▶ **Task brief**:
What is the number of lines in the data that contain "auto"? Nothing besides that number, please.

[Excerpts from a dataset]
lemma add_in_R: "a \<in> R \<Longrightarrow> b \<in> R \<Longrightarrow> a + b \<in> R"
  and diff_in_R: "a \<in> R \<Longrightarrow> b \<in> R \<Longrightarrow> a - b \<in> R"
  and mult_in_R: "a \<in> R \<Longrightarrow> b \<in> R \<Longrightarrow> a * b \<in> R"
  using subring by (auto simp: subring_def)

lemma uminus_in_R: "a \<in> R \<Longrightarrow> - a \<in> R"
  using diff_in_R[of 0 a] zero_in_R by simp

lemma power_in_R: "a \<in> R \<Longrightarrow> a ^ n \<in> R"
  by (induction n) (simp_all add: one_in_R mult_in_R)

lemma sum_in_R: "finite A \<Longrightarrow> (\<And>x. x \<in> A \<Longrightarrow> f x \<in> R) \<Longrightarrow> sum f A \<in> R"
  by (induction A rule: finite_induct) (auto simp: zero_in_R add_in_R)

lemma R_subset_val_ring: "R \<subseteq> val_ring v"
proof
  fix a assume a: "a \<in> R"
  have "a \<in> int_closure R"
    unfolding int_closure_def
    by (rule CollectI, rule exI[of _ 1], simp, rule exI[of _ "\<lambda>_. - a"], simp add: uminus_in_R a)
  then show "a \<in> val_ring v" using int_closure_eq by simp
qed

lemma val_nonneg: "a \<in> R \<Longrightarrow> a \<noteq> 0 \<Longrightarrow> 0 \<le> v a"
  using R_subset_val_ring val_ring_iff by blast

lemma common_denominator: "\<exists>d\<in>R. d \<noteq> 0 \<and> (\<forall>z\<in>val_ring v. d * z \<in> R)"
proof -
  obtain F where F: "finite F" "int_closure R = {\<Sum>x\<in>F. a x * x | a. \<forall>x\<in>F. a x \<in> R}"
    using finite_int_closure unfolding finite_module_def by blast
  have "\<exists>d\<in>R. d \<noteq> 0 \<and> (\<forall>y\<in>G. d * y \<in> R)" if "finite G" for G :: "'k set"
    using that
  proof (induction G rule: finite_induct)
    case empty then show ?case using one_in_R by (intro bexI[of _ 1]) simp_all
  next
    case (insert y G)
    then obtain d where d: "d \<in> R" "d \<noteq> 0" "\<forall>y\<in>G. d * y \<in> R" by blast
    obtain a b where ab: "a \<in> R" "b \<in> R" "b \<noteq> 0" "y = a / b"
      using quotient_field unfolding quotient_field_of_def by blast
    have "d * b * y = d * a" using ab by simp
    then have "d * b * y \<in> R" using ab d mult_in_R by simp
    moreover have "d * b * z \<in> R" if "z \<in> G" for z
      using mult_in_R[OF ab(2), of "d * z"] d(3) that by (simp add: algebra_simps)
    ultimately show ?case using d ab mult_in_R by (intro bexI[of _ "d * b"]) auto
  qed
  then obtain d where d: "d \<in> R" "d \<noteq> 0" "\<forall>y\<in>F. d * y \<in> R" using F(1) by blast
  have "d * z \<in> R" if "z \<in> val_ring v" for z
  proof -
    have "z \<in> {\<Sum>x\<in>F. a x * x | a. \<forall>x\<in>F. a x \<in> R}" using F(2) int_closure_eq that by simp
    then obtain a where a: "\<forall>x\<in>F. a x \<in> R" "z = (\<Sum>x\<in>F. a x * x)" by blast
    have "d * z = (\<Sum>x\<in>F. a x * (d * x))"
      unfolding a(2) sum_distrib_left by (simp add: mult.left_commute)
    also have "\<dots> \<in> R" using F(1) a(1) d(3) by (intro sum_in_R) (simp_all add: mult_in_R)
    finally show ?thesis .
  qed
  then show ?thesis using d by blast
qed

lemma large_values_in_R: "\<exists>K. \<forall>x. x \<noteq> 0 \<and> K \<le> v x \<longrightarrow> x \<in> R"
proof -
  obtain d where d: "d \<in> R" "d \<noteq> 0" "\<forall>z\<in>val_ring v. d * z \<in> R" using common_denominator by blast
  have "x \<in> R" if "x \<noteq> 0" "v d \<le> v x" for x
  proof -
    have "x / d \<in> val_ring v" using val_divide[of x d] that d by (simp add: val_ring_iff)
    then show ?thesis using d by force
  qed
  then show ?thesis by blast
qed

text \<open>The only place where residual rationality is used.\<close>
lemma approx_by_R_multiple:
  assumes "x \<noteq> 0" "y \<noteq> 0" "v x = v y"
  obtains a where "a \<in> R" "x - a * y = 0 \<or> v y < v (x - a * y)"
proof -
  have "x / y \<in> int_closure R"
    using val_divide[of x y] assms int_closure_eq by (simp add: val_ring_iff)
  then obtain a where a: "a \<in> R" "x / y - a \<in> val_maxideal v"
    using residually_rational unfolding residually_rational_def by blast
  have eq: "x - a * y = y * (x / y - a)" using assms(2) by (simp add: field_simps)
  have "x - a * y = 0 \<or> v y < v (x - a * y)"
  proof (cases "x / y - a = 0")
    case False
    then show ?thesis using a(2) eq val_mult[OF assms(2) False] by (simp add: val_maxideal_def)
  qed (simp add: eq)
  then show thesis using a(1) that by blast
qed

lemma submod_zero: "submod R M \<Longrightarrow> 0 \<in> M"
  and submod_add: "submod R M \<Longrightarrow> x \<in> M \<Longrightarrow> y \<in> M \<Longrightarrow> x + y \<in> M"
  and submod_smult: "submod R M \<Longrightarrow> a \<in> R \<Longrightarrow> x \<in> M \<Longrightarrow> a * x \<in> M"
  unfolding submod_def by auto

lemma submod_diff:
  assumes "submod R M" "x \<in> M" "y \<in> M" shows "x - y \<in> M"
proof -
  have "- 1 * y \<in> M" using submod_smult[OF assms(1) uminus_in_R[OF one_in_R] assms(3)] .
  then show ?thesis using submod_add[OF assms(1,2)] by (metis mult_minus1 diff_conv_add_uminus)
qed

lemma submod_R: "submod R R"
  unfolding submod_def using zero_in_R add_in_R mult_in_R by auto

lemma submod_val_ring: "submod R (val_ring v)"
  unfolding submod_def
proof (intro conjI ballI)
  show "0 \<in> val_ring v" by (simp add: val_ring_iff)
qed (use val_ring_add val_ring_mult R_subset_val_ring in blast)+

▶ **Task response**:
5